Task directions.
Start at the line in the entries below that contains "(LEAST k. p", stop at the line that contains "K) (\<lambda>(p, q).", and output exactly the lines in that span, both ends included.

Stored data

(* Let $Q\in\mathbb{R}^{N\times N}$ be symmetric positive definite, $c\in\mathbb{R}^N$, and consider the convex quadratic program $\min_{z\in\mathbb{R}^N}\ \tfrac12 z^TQz-c^Tz$, with unique minimizer $z^*$. Let $\mathcal{N}=\{1,\dots,N\}$ be partitioned into nonempty disjoint sets $\mathcal{N}_1,\dots,\mathcal{N}_K$, and let the lifted data $Q_k,c_k,\Pi_{kk'}$ ($k,k'\in\{1,\dots,K\}$) be constructed as described in the context. Consider the Gauss–Seidel (GS) scheme: starting from arbitrary initial vectors $z_k^0\in\mathbb{R}^{N_k+\underline{N}_k}$, $\lambda_k^0\in\mathbb{R}^{\underline{N}_k}$, for $\ell=0,1,2,\dots$ and for $k=1,2,\dots,K$ in this order, let $z_k^{\ell+1}$ and $\lambda_k^{\ell+1}$ be the primal solution and the multiplier of the equality constraint of \[ \min_{z_k}\ \tfrac12 z_k^TQ_kz_k-z_k^T\Big(c_k-\sum_{k'=1}^{k-1}\Pi_{k'k}^T\lambda_{k'}^{\ell+1}-\sum_{k'=k+1}^{K}\Pi_{k'k}^T\lambda_{k'}^{\ell}\Big) \] \[ \text{s.t.}\quad \Pi_{kk}z_k+\sum_{k'=1}^{k-1}\Pi_{kk'}z_{k'}^{\ell+1}+\sum_{k'=k+1}^{K}\Pi_{kk'}z_{k'}^{\ell}=0\quad(\lambda_k), \] i.e. $(z_k^{\ell+1},\lambda_k^{\ell+1})$ solves $\begin{bmatrix}Q_k&\Pi_{kk}^T\\ \Pi_{kk}&0\end{bmatrix}\begin{bmatrix}z_k^{\ell+1}\\ \lambda_k^{\ell+1}\end{bmatrix}=\begin{bmatrix}c_k\\0\end{bmatrix}-\sum_{k'<k}\begin{bmatrix}\Pi_{k'k}^T\lambda_{k'}^{\ell+1}\\ \Pi_{kk'}z_{k'}^{\ell+1}\end{bmatrix}-\sum_{k'>k}\begin{bmatrix}\Pi_{k'k}^T\lambda_{k'}^{\ell}\\ \Pi_{kk'}z_{k'}^{\ell}\end{bmatrix}$. Define the block matrices (blocks indexed by $k,k'\in\{1,\dots,K\}$, with block rows/columns of sizes matching $z_1,\dots,z_K$ and $\lambda_1,\dots,\lambda_K$) \[ L:=\begin{bmatrix}D & M\\ P & 0\end{bmatrix},\qquad R:=\begin{bmatrix}0 & G\\ H & 0\end{bmatrix}, \] where $D=\mathrm{blockdiag}(Q_1,\dots,Q_K)$; $M$ has $(k,k')$ block $\Pi_{k'k}^T$ if $k'\le k$ and $0$ otherwise; $P$ has $(k,k')$ block $\Pi_{kk'}$ if $k'\le k$ and $0$ otherwise; $G$ has $(k,k')$ block $-\Pi_{k'k}^T$ if $k'>k$ and $0$ otherwise; $H$ has $(k,k')$ block $-\Pi_{kk'}$ if $k'>k$ and $0$ otherwise. Let $\Sigma:=L^{-1}R$. If all eigenvalues of $\Sigma$ have magnitude less than one, then the GS scheme converges to the solution of the quadratic program, i.e. for every $k$, $z_k^\ell\to \bar z_k^*$ as $\ell\to\infty$, where $\bar z_k^*$ is the vector with entries $z^*(k_1),\dots,z^*(k_{N_k+\underline{N}_k})$.
   Context: Lifting construction. For each $k$, let $\underline{\mathcal{N}}_k:=\{j\in\mathcal{N}\setminus\mathcal{N}_k:\exists\, i\in\mathcal{N}_k \text{ with } Q_{ij}\neq 0\}$ and $\overline{\mathcal{N}}_k:=\mathcal{N}_k\cup\underline{\mathcal{N}}_k$. Write $\mathcal{N}_k=\{k_1,\dots,k_{N_k}\}$ and $\underline{\mathcal{N}}_k=\{k_{N_k+1},\dots,k_{N_k+\underline{N}_k}\}$, with $N_k=|\mathcal{N}_k|$, $\underline{N}_k=|\underline{\mathcal{N}}_k|$. The lifted variable of partition $k$ is $z_k\in\mathbb{R}^{N_k+\underline{N}_k}$, whose $i$-th entry is a copy of the original variable $z(k_i)$ (the last $\underline{N}_k$ entries are duplicates of variables owned by other partitions). The matrix $Q_k\in\mathbb{R}^{(N_k+\underline N_k)\times(N_k+\underline N_k)}$ has entries $(Q_k)_{ij}=Q_{k_ik_j}$ if $k_i,k_j\in\mathcal{N}_k$; $(Q_k)_{ij}=\tfrac12 Q_{k_ik_j}$ if exactly one of $k_i,k_j$ lies in $\mathcal{N}_k$; and $0$ otherwise. The vector $c_k$ has entries $(c_k)_i=c_{k_i}$ if $k_i\in\mathcal{N}_k$ and $0$ otherwise. The matrix $\Pi_{kk}\in\mathbb{R}^{\underline{N}_k\times(N_k+\underline{N}_k)}$ has rows $e_{N_k+1}^T,\dots,e_{N_k+\underline{N}_k}^T$ (elementary unit vectors). For $k'\neq k$, $\Pi_{kk'}\in\mathbb{R}^{\underline N_k\times(N_{k'}+\underline N_{k'})}$ has, in row $r$, an entry $-1$ at the position $s\le N_{k'}$ with $k'_s=k_{N_k+r}$ if $k_{N_k+r}\in\mathcal{N}_{k'}$, and is zero otherwise; thus the constraints $\sum_{k'}\Pi_{kk'}z_{k'}=0$ force each duplicate in partition $k$ to equal the corresponding variable owned by another partition. The lifted problem is $\min\sum_k \tfrac12 z_k^TQ_kz_k-c_k^Tz_k$ s.t. $\sum_{k'}\Pi_{kk'}z_{k'}=0$ ($k=1,\dots,K$), with multipliers $\lambda_k$. *)

theory Defs
  imports "HOL-Analysis.Analysis" "Jordan_Normal_Form.Char_Poly" "Jordan_Normal_Form.Gauss_Jordan_Elimination"
begin

text \<open>Indices of original variables are 0..N-1, partitions are 0..K-1 (order preserved).
  own k enumerates N_k (the k_1..k_{N_k}), dup k enumerates the coupled set (k_{N_k+1},...).\<close>

definition dupset :: "real mat \<Rightarrow> nat \<Rightarrow> (nat \<Rightarrow> nat set) \<Rightarrow> nat \<Rightarrow> nat set" where
  "dupset Q N Ns k = {j \<in> {..<N} - Ns k. \<exists>i\<in>Ns k. Q $$ (i, j) \<noteq> 0}"

definition nbar :: "(nat \<Rightarrow> nat list) \<Rightarrow> (nat \<Rightarrow> nat list) \<Rightarrow> nat \<Rightarrow> nat list" where
  "nbar own dup k = own k @ dup k"

definition lenk :: "(nat \<Rightarrow> nat list) \<Rightarrow> (nat \<Rightarrow> nat list) \<Rightarrow> nat \<Rightarrow> nat" where
  "lenk own dup k = length (own k) + length (dup k)"

definition Qloc :: "real mat \<Rightarrow> (nat \<Rightarrow> nat set) \<Rightarrow> (nat \<Rightarrow> nat list) \<Rightarrow> (nat \<Rightarrow> nat list) \<Rightarrow> nat \<Rightarrow> real mat" where
  "Qloc Q Ns own dup k = mat (lenk own dup k) (lenk own dup k) (\<lambda>(i, j).
     let a = nbar own dup k ! i; b = nbar own dup k ! j in
     if a \<in> Ns k \<and> b \<in> Ns k then Q $$ (a, b)
     else if a \<in> Ns k \<or> b \<in> Ns k then Q $$ (a, b) / 2 else 0)"

definition cloc :: "real vec \<Rightarrow> (nat \<Rightarrow> nat set) \<Rightarrow> (nat \<Rightarrow> nat list) \<Rightarrow> (nat \<Rightarrow> nat list) \<Rightarrow> nat \<Rightarrow> real vec" where
  "cloc c Ns own dup k = vec (lenk own dup k) (\<lambda>i.
     if nbar own dup k ! i \<in> Ns k then c $ (nbar own dup k ! i) else 0)"

definition PiM :: "(nat \<Rightarrow> nat list) \<Rightarrow> (nat \<Rightarrow> nat list) \<Rightarrow> nat \<Rightarrow> nat \<Rightarrow> real mat" where
  "PiM own dup k k' =
     (if k = k' then mat (length (dup k)) (lenk own dup k) (\<lambda>(r, s). if s = length (own k) + r then 1 else 0)
      else mat (length (dup k)) (lenk own dup k') (\<lambda>(r, s).
        if s < length (own k') \<and> own k' ! s = dup k ! r then -1 else 0))"

definition off :: "(nat \<Rightarrow> nat) \<Rightarrow> nat \<Rightarrow> nat" where
  "off sz k = (\<Sum>k'<k. sz k')"

definition blk :: "(nat \<Rightarrow> nat) \<Rightarrow> nat \<Rightarrow> nat" where
  "blk sz p = (LEAST k. p < off sz (Suc k))"

definition blockmat :: "nat \<Rightarrow> (nat \<Rightarrow> nat) \<Rightarrow> (nat \<Rightarrow> nat) \<Rightarrow> (nat \<Rightarrow> nat \<Rightarrow> real mat) \<Rightarrow> real mat" where
  "blockmat K rs cs f = mat (off rs K) (off cs K) (\<lambda>(p, q).
     let k = blk rs p; k' = blk cs q in f k k' $$ (p - off rs k, q - off cs k'))"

Task result.
  "blk sz p = (LEAST k. p < off sz (Suc k))"

definition blockmat :: "nat \<Rightarrow> (nat \<Rightarrow> nat) \<Rightarrow> (nat \<Rightarrow> nat) \<Rightarrow> (nat \<Rightarrow> nat \<Rightarrow> real mat) \<Rightarrow> real mat" where
  "blockmat K rs cs f = mat (off rs K) (off cs K) (\<lambda>(p, q).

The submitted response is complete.